Have sentiments turned? Consumer sentiments looks to be ahead of business sentiments. 1H23 shopper traffic and tenant sales rose c.32% on a y-o-y, with approximately half of portfolio malls seeing 2Q23 tenant sales exceeding 2Q19 levels. We suspect that 1H23 reversions of 4.1% is partially boosted by AEI completions (at Yuhuating mall) and will continue to expect AEI completions in 2H23 at both Grand Canyon and Rock Square in the curation of higher-yielding specialty spaces to boost retail reversions towards year end. For the business park segment, supply within the Hang Zhou submarket continues to be an ongoing headwind as opposed to the Suzhou submarket, in lieu of slower new leases within both the info comm and e-commerce segments, we would like to get more clarity on the shifts in business environment and CLCT’s tenant positioning strategy in the BP segment during the analyst briefing later. Leasing momentums sees a significant pick up in 2Q23 as opposed to 1Q23 in terms of lease finalisation, with a decent pick up in occupancy for the quarter.

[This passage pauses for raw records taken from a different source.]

definition st_scale :: "real \<Rightarrow> st \<Rightarrow> st" where
  "st_scale a U = (case U of (p1,p2,x1,x2,P1,P2) \<Rightarrow>
     (a*p1, a*p2, a*x1, a*x2, \<lambda>s. a * P1 s, \<lambda>s. a * P2 s))"

definition st_zero :: st where
  "st_zero = (0, 0, 0, 0, \<lambda>_. 0, \<lambda>_. 0)"

definition st_norm :: "st \<Rightarrow> real" where
  "st_norm U = (case U of (p1,p2,x1,x2,P1,P2) \<Rightarrow>
     Max {\<bar>p1\<bar>, \<bar>p2\<bar>, \<bar>x1\<bar>, \<bar>x2\<bar>,
          Sup ((\<lambda>s. \<bar>P1 s\<bar>) ` {-1..1}), Sup ((\<lambda>s. \<bar>P2 s\<bar>) ` {-1..1})})"

definition Asp :: "st set" where
  "Asp = {(p1,p2,x1,x2,P1,P2). continuous_on {-1..1} P1 \<and> continuous_on {-1..1} P2}"

definition Xsp :: "st set" where
  "Xsp = {(p1,p2,x1,x2,P1,P2). continuous_on {-1..1} P1 \<and> continuous_on {-1..1} P2
            \<and> P1 0 = p1 \<and> P2 0 = p2}"

definition C1_deriv :: "(real \<Rightarrow> real) \<Rightarrow> (real \<Rightarrow> real) \<Rightarrow> bool" where
  "C1_deriv P Q \<longleftrightarrow> continuous_on {-1..1} Q \<and>
     (\<forall>x\<in>{-1..1}. (P has_real_derivative Q x) (at x within {-1..1}))"

definition Dsp :: "st set" where
  "Dsp = {(p1,p2,x1,x2,P1,P2). (p1,p2,x1,x2,P1,P2) \<in> Xsp \<and>
            (\<exists>Q1. C1_deriv P1 Q1) \<and> (\<exists>Q2. C1_deriv P2 Q2)}"

text \<open>The vector field F; dV1, dV2 stand for the derivatives V1', V2', and Q1, Q2 for P1', P2'.\<close>
definition Fvf :: "(real \<Rightarrow> real) \<Rightarrow> (real \<Rightarrow> real) \<Rightarrow> real \<Rightarrow> real \<Rightarrow> st
                   \<Rightarrow> (real \<Rightarrow> real) \<Rightarrow> (real \<Rightarrow> real) \<Rightarrow> st" where
  "Fvf dV1 dV2 w c U Q1 Q2 = (case U of (p1,p2,x1,x2,P1,P2) \<Rightarrow>
     (x1, x2,
      dV1 (P2 1 - p1) / c^2 - dV2 (p1 - P2 (-1)) / c^2,
      w * dV2 (P1 1 - p2) / c^2 - w * dV1 (p2 - P1 (-1)) / c^2,
      Q1, Q2))"

definition Jfun :: "(real \<Rightarrow> real) \<Rightarrow> (real \<Rightarrow> real) \<Rightarrow> real \<Rightarrow> real \<Rightarrow> st \<Rightarrow> real" where
  "Jfun dV1 dV2 w c U = (case U of (p1,p2,x1,x2,P1,P2) \<Rightarrow>
     c^2 * (x1 + x2 / w)
     - integral {-1..0} (\<lambda>s. dV1 (P2 (s+1) - P1 s) + dV2 (P1 (s+1) - P2 s)))"

definition Jw :: "real \<Rightarrow> st \<Rightarrow> real" where
  "Jw w U = (case U of (p1,p2,x1,x2,P1,P2) \<Rightarrow> x1 + x2 / w)"

definition SM :: "st \<Rightarrow> st" where
  "SM U = (case U of (p1,p2,x1,x2,P1,P2) \<Rightarrow> (-p1, -p2, x1, x2, \<lambda>v. - P1 (-v), \<lambda>v. - P2 (-v)))"

definition SK :: "st \<Rightarrow> st" where
  "SK U = (case U of (p1,p2,x1,x2,P1,P2) \<Rightarrow> (-p2, -p1, x2, x1, \<lambda>v. - P2 (-v), \<lambda>v. - P1 (-v)))"

definition chi0 :: st where
  "chi0 = (1, 1, 0, 0, \<lambda>_. 1, \<lambda>_. 1)"

definition frechet_rel :: "st set \<Rightarrow> (st \<Rightarrow> real) \<Rightarrow> st \<Rightarrow> (st \<Rightarrow> real) \<Rightarrow> bool" where
  "frechet_rel A f x L \<longleftrightarrow>
     (\<forall>u\<in>A. \<forall>v\<in>A. \<forall>a b. L (st_add (st_scale a u) (st_scale b v)) = a * L u + b * L v) \<and>
     (\<exists>K. \<forall>h\<in>A. \<bar>L h\<bar> \<le> K * st_norm h) \<and>
     (\<forall>e>0. \<exists>d>0. \<forall>h\<in>A. st_norm h < d \<longrightarrow> \<bar>f (st_add x h) - f x - L h\<bar> \<le> e * st_norm h)"

definition bounded_linear_rel :: "st set \<Rightarrow> (st \<Rightarrow> real) \<Rightarrow> bool" where
  "bounded_linear_rel A L \<longleftrightarrow>
     (\<forall>u\<in>A. \<forall>v\<in>A. \<forall>a b. L (st_add (st_scale a u) (st_scale b v)) = a * L u + b * L v) \<and>
     (\<exists>K. \<forall>h\<in>A. \<bar>L h\<bar> \<le> K * st_norm h)"

type_synonym ext = "st \<times> real"

definition ext_add :: "ext \<Rightarrow> ext \<Rightarrow> ext" where
  "ext_add x y = (st_add (fst x) (fst y), snd x + snd y)"

definition ext_scale :: "real \<Rightarrow> ext \<Rightarrow> ext" where
  "ext_scale a x = (st_scale a (fst x), a * snd x)"

definition ext_norm :: "ext \<Rightarrow> real" where
  "ext_norm x = max (st_norm (fst x)) \<bar>snd x\<bar>"

definition multilin_rel :: "ext set \<Rightarrow> nat \<Rightarrow> ((nat \<Rightarrow> ext) \<Rightarrow> real) \<Rightarrow> real \<Rightarrow> bool" where
  "multilin_rel Y n M C \<longleftrightarrow>
     (\<forall>v w. (\<forall>i<n. v i = w i) \<longrightarrow> M v = M w) \<and>
     (\<forall>v i a b s t. (\<forall>j<n. v j \<in> Y) \<longrightarrow> i < n \<longrightarrow> a \<in> Y \<longrightarrow> b \<in> Y \<longrightarrow>
        M (v(i := ext_add (ext_scale s a) (ext_scale t b))) = s * M (v(i := a)) + t * M (v(i := b))) \<and>
     0 \<le> C \<and>
     (\<forall>v. (\<forall>i<n. v i \<in> Y) \<longrightarrow> \<bar>M v\<bar> \<le> C * (\<Prod>i<n. ext_norm (v i)))"

definition analytic_rel :: "ext set \<Rightarrow> (ext \<Rightarrow> real) \<Rightarrow> ext set \<Rightarrow> bool" where
  "analytic_rel Y f S \<longleftrightarrow> (\<forall>x\<in>S. \<exists>r>0. \<exists>M C.
     (\<forall>n. multilin_rel Y n (M n) (C n)) \<and> summable (\<lambda>n. C n * r ^ n) \<and>
     (\<forall>h\<in>Y. ext_norm h < r \<longrightarrow> (\<lambda>n. M n (\<lambda>_. h)) sums f (ext_add x h)))"

definition real_analytic :: "(real \<Rightarrow> real) \<Rightarrow> bool" where
  "real_analytic f \<longleftrightarrow> (\<forall>x. \<exists>r>0. \<exists>a. \<forall>y. \<bar>y - x\<bar> < r \<longrightarrow> (\<lambda>n. a n * (y - x) ^ n) sums f y)"

end

theory Submission
  imports Defs
begin

text \<open>Write J(U) = c^2 Jw(U) - integral over s in [-1,0] of V1'(stretch1 U s) + V2'(stretch2 U s),
  where stretch1 U s = P2(s+1) - P1(s) and stretch2 U s = P1(s+1) - P2(s) are bounded linear in U.
  Expanding V_k' in its Taylor series about stretch_k U s, with Cauchy estimates that are uniform on
  the compact range of stretch_k U, writes J(U + H) as a normally convergent series of bounded
  n-linear forms in H, and c^2 only adds a cubic polynomial; this is analyticity, and the linear term
  of the series is the Frechet derivative DJ(U). By the chain rule DJ(U) F(U) is the integral of the
  s-derivative of V1'(stretch1 U s) + V2'(stretch2 U s), so by the fundamental theorem of calculus it
  reduces to boundary terms, which c^2 Jw(F U) cancels exactly. At U = 0 the derivative only involves
  V1''(0) = 1 and V2''(0) = kappa; the symmetries come from the substitution s to -1 - s, and
  (iv), (v) can be read off from the formula for J.\<close>

section \<open>Real analytic functions of one variable\<close>

lemma real_analytic_powser_at:
  assumes "real_analytic f"
  obtains r a where "r > 0" "\<And>z. \<bar>z\<bar> < r \<Longrightarrow> summable (\<lambda>n. a n * z^n)"
    "\<And>y. \<bar>y - x\<bar> < r \<Longrightarrow> f y = (\<Sum>n. a n * (y - x)^n)"
proof -
  obtain r a where "r > 0" and s: "\<And>y. \<bar>y - x\<bar> < r \<Longrightarrow> (\<lambda>n. a n * (y - x) ^ n) sums f y"
    using assms unfolding real_analytic_def by blast
  moreover have "summable (\<lambda>n. a n * z^n)" if "\<bar>z\<bar> < r" for z
    using s[of "x + z"] that by (auto simp: sums_iff)
  ultimately show thesis using that s by (metis sums_unique)
qed

lemma has_real_derivative_powser_at:
  fixes a :: "nat \<Rightarrow> real"
  assumes "\<And>z. \<bar>z\<bar> < r \<Longrightarrow> summable (\<lambda>n. a n * z^n)" "\<bar>y - x\<bar> < r"
  shows "((\<lambda>y. \<Sum>n. a n * (y - x)^n) has_real_derivative (\<Sum>n. diffs a n * (y - x)^n)) (at y)"
proof -
  have "((\<lambda>z. \<Sum>n. a n * z^n) has_real_derivative (\<Sum>n. diffs a n * (y - x)^n)) (at (y - x))"
    using termdiffs_strong'[of r a "y - x"] assms by auto
  moreover have "((\<lambda>y. y - x) has_real_derivative 1) (at y)"
    by (auto intro!: derivative_eq_intros)
  ultimately show ?thesis using DERIV_chain2 by fastforce
qed

lemma summable_iterated_diffs:
  fixes a :: "nat \<Rightarrow> real"
  assumes "\<And>z. \<bar>z\<bar> < r \<Longrightarrow> summable (\<lambda>n. a n * z^n)" "\<bar>z\<bar> < r"
  shows "summable (\<lambda>n. (diffs ^^ k) a n * z^n)"
  using assms(2)
proof (induction k arbitrary: z)
  case 0
  then show ?case using assms(1) by simp
next
  case (Suc k)
  then show ?case using termdiff_converges[of z r "(diffs ^^ k) a"] by auto
qed

lemma real_analytic_iterated_deriv_powser:
  assumes "real_analytic f"
  obtains r a where "r > 0" "\<And>z. \<bar>z\<bar> < r \<Longrightarrow> summable (\<lambda>n. a n * z^n)"
    "\<And>k y. \<bar>y - x\<bar> < r \<Longrightarrow> (deriv ^^ k) f y = (\<Sum>n. (diffs ^^ k) a n * (y - x)^n)"
    "\<And>k y. \<bar>y - x\<bar> < r \<Longrightarrow> ((deriv ^^ k) f has_real_derivative (deriv ^^ Suc k) f y) (at y)"
proof -
  obtain r a where r: "r > 0" and sm: "\<And>z. \<bar>z\<bar> < r \<Longrightarrow> summable (\<lambda>n. a n * z^n)"
    and f: "\<And>y. \<bar>y - x\<bar> < r \<Longrightarrow> f y = (\<Sum>n. a n * (y - x)^n)"
    using real_analytic_powser_at[OF assms] by blast
  define S where "S k y = (\<Sum>n. (diffs ^^ k) a n * (y - x)^n)" for k y
  have dS: "(S k has_real_derivative S (Suc k) y) (at y)" if "\<bar>y - x\<bar> < r" for k y
    unfolding S_def using has_real_derivative_powser_at[OF summable_iterated_diffs[OF sm] that] by simp
  have local: "((deriv ^^ k) f has_real_derivative S (Suc k) y) (at y)"
    if "\<bar>y - x\<bar> < r" "\<And>y. \<bar>y - x\<bar> < r \<Longrightarrow> (deriv ^^ k) f y = S k y" for k y
    by (rule has_field_derivative_transform_within_open[OF dS[OF that(1)], of "ball x r"])
       (use that in \<open>auto simp: dist_real_def abs_minus_commute\<close>)
  have eq: "\<bar>y - x\<bar> < r \<Longrightarrow> (deriv ^^ k) f y = S k y" for k y
  proof (induction k arbitrary: y)
    case 0
    then show ?case using f by (simp add: S_def)
  next
    case (Suc k)
    then show ?case using local[of y k] Suc DERIV_imp_deriv by fastforce
  qed
  show thesis
  proof (rule that[OF r sm])
    show "(deriv ^^ k) f y = (\<Sum>n. (diffs ^^ k) a n * (y - x)^n)" if "\<bar>y - x\<bar> < r" for k y
      using eq[OF that] by (simp add: S_def)
    show "((deriv ^^ k) f has_real_derivative (deriv ^^ Suc k) f y) (at y)" if "\<bar>y - x\<bar> < r" for k y
      using local[OF that eq] eq[OF that, of "Suc k"] by simp
  qed
qed

lemma real_analytic_has_iterated_deriv:
  "real_analytic f \<Longrightarrow> ((deriv ^^ k) f has_real_derivative (deriv ^^ Suc k) f y) (at y)"
  by (rule real_analytic_iterated_deriv_powser[of f y]) auto

lemma real_analytic_has_deriv:
  "real_analytic f \<Longrightarrow> (f has_real_derivative deriv f y) (at y)"
  using real_analytic_has_iterated_deriv[of f 0 y] by simp

lemma real_analytic_continuous_on_iterated_deriv:
  "real_analytic f \<Longrightarrow> continuous_on S ((deriv ^^ k) f)"
  by (meson DERIV_isCont continuous_at_imp_continuous_on real_analytic_has_iterated_deriv)

lemma real_analytic_continuous_on:
  "real_analytic f \<Longrightarrow> continuous_on S f"
  using real_analytic_continuous_on_iterated_deriv[of f S 0] by simp

lemma real_analytic_continuous_on_deriv:
  "real_analytic f \<Longrightarrow> continuous_on S (deriv f)"
  using real_analytic_continuous_on_iterated_deriv[of f S 1] by simp

lemma real_analytic_derivative:
  assumes "real_analytic f" "\<And>y. (f has_real_derivative f' y) (at y)"
  shows "real_analytic f'"
  unfolding real_analytic_def
proof
  fix x
  obtain r a where "r > 0" and sm: "\<And>z. \<bar>z\<bar> < r \<Longrightarrow> summable (\<lambda>n. a n * z^n)"
    and eq: "\<And>k y. \<bar>y - x\<bar> < r \<Longrightarrow> (deriv ^^ k) f y = (\<Sum>n. (diffs ^^ k) a n * (y - x)^n)"
    by (rule real_analytic_iterated_deriv_powser[OF assms(1), of x]) blast
  moreover have "(\<lambda>n. diffs a n * (y - x)^n) sums f' y" if "\<bar>y - x\<bar> < r" for y
    using eq[OF that, of 1] summable_iterated_diffs[OF sm that, of 1] DERIV_imp_deriv[OF assms(2)]
    by (simp add: sums_iff)
  ultimately show "\<exists>r>0. \<exists>a. \<forall>y. \<bar>y - x\<bar> < r \<longrightarrow> (\<lambda>n. a n * (y - x) ^ n) sums f' y"
    by blast
qed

Foreign exchange a bigger concern to us as opposed to capital management. In our view, forex exchange has poured salt on CLCT’s recovering wounds this year. In the past year, the SGD has strengthened c.10% against the RMB, which has reflected strongly on the DPU line albeit a flat revenue and topline recovery in RMB terms. Forex exchange will continue to hurt DPUs going forward, which will tip the playing field for DPU recovery in 2H23 on a y-o-y comparison basis. On the capital management front, CLCT’s high offshore funding sources (c.80%) albeit a high fixed cost ratio of 74% will still see moderate exposure to hawkish offshore rates. Average cost of debt lands at 3.54% (up 6 bps q-o-q and 90 bps y-o-y). All refinancing requirements for FY23 has been secured and CLCT is in early negotiations with FY24 expiries which stands at c.15% for FY24 respectively, floating portion of loans primarily within offshore fundings will continue to see escalations in FY24.